TASK BRIEF: Retype all the records with nothing changed.

____________

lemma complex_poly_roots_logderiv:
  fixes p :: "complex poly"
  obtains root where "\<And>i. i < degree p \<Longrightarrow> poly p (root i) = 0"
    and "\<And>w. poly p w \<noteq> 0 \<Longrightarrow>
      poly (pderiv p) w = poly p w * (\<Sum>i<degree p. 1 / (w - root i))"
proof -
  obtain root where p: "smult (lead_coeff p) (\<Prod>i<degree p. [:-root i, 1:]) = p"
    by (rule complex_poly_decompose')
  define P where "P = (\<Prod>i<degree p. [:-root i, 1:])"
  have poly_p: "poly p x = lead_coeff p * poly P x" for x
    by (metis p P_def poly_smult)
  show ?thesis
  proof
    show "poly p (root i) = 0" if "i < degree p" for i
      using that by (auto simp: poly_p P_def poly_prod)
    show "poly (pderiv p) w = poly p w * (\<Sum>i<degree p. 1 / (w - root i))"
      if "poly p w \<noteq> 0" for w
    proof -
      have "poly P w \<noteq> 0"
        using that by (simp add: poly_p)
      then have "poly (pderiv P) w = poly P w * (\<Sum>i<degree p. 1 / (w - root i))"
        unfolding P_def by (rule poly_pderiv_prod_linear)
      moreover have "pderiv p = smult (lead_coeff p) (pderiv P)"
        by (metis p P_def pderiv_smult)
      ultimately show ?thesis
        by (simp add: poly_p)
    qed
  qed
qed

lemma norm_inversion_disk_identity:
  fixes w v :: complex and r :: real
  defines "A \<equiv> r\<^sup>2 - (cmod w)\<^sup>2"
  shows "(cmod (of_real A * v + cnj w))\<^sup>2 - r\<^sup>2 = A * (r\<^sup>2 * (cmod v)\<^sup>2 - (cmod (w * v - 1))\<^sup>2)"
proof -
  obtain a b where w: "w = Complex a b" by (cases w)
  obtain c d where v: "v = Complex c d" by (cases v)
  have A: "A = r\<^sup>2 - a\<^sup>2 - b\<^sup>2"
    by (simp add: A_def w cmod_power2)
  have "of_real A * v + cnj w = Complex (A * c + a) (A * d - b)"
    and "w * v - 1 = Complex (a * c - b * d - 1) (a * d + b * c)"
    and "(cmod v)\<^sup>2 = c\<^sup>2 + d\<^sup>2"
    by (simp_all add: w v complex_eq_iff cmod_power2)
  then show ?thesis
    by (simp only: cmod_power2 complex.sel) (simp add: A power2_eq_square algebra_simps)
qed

____________

WRITTEN ANSWER:
lemma complex_poly_roots_logderiv:
  fixes p :: "complex poly"
  obtains root where "\<And>i. i < degree p \<Longrightarrow> poly p (root i) = 0"
    and "\<And>w. poly p w \<noteq> 0 \<Longrightarrow>
      poly (pderiv p) w = poly p w * (\<Sum>i<degree p. 1 / (w - root i))"
proof -
  obtain root where p: "smult (lead_coeff p) (\<Prod>i<degree p. [:-root i, 1:]) = p"
    by (rule complex_poly_decompose')
  define P where "P = (\<Prod>i<degree p. [:-root i, 1:])"
  have poly_p: "poly p x = lead_coeff p * poly P x" for x
    by (metis p P_def poly_smult)
  show ?thesis
  proof
    show "poly p (root i) = 0" if "i < degree p" for i
      using that by (auto simp: poly_p P_def poly_prod)
    show "poly (pderiv p) w = poly p w * (\<Sum>i<degree p. 1 / (w - root i))"
      if "poly p w \<noteq> 0" for w
    proof -
      have "poly P w \<noteq> 0"
        using that by (simp add: poly_p)
      then have "poly (pderiv P) w = poly P w * (\<Sum>i<degree p. 1 / (w - root i))"
        unfolding P_def by (rule poly_pderiv_prod_linear)
      moreover have "pderiv p = smult (lead_coeff p) (pderiv P)"
        by (metis p P_def pderiv_smult)
      ultimately show ?thesis
        by (simp add: poly_p)
    qed
  qed
qed

lemma norm_inversion_disk_identity:
  fixes w v :: complex and r :: real
  defines "A \<equiv> r\<^sup>2 - (cmod w)\<^sup>2"
  shows "(cmod (of_real A * v + cnj w))\<^sup>2 - r\<^sup>2 = A * (r\<^sup>2 * (cmod v)\<^sup>2 - (cmod (w * v - 1))\<^sup>2)"
proof -
  obtain a b where w: "w = Complex a b" by (cases w)
  obtain c d where v: "v = Complex c d" by (cases v)
  have A: "A = r\<^sup>2 - a\<^sup>2 - b\<^sup>2"
    by (simp add: A_def w cmod_power2)
  have "of_real A * v + cnj w = Complex (A * c + a) (A * d - b)"
    and "w * v - 1 = Complex (a * c - b * d - 1) (a * d + b * c)"
    and "(cmod v)\<^sup>2 = c\<^sup>2 + d\<^sup>2"
    by (simp_all add: w v complex_eq_iff cmod_power2)
  then show ?thesis
    by (simp only: cmod_power2 complex.sel) (simp add: A power2_eq_square algebra_simps)
qed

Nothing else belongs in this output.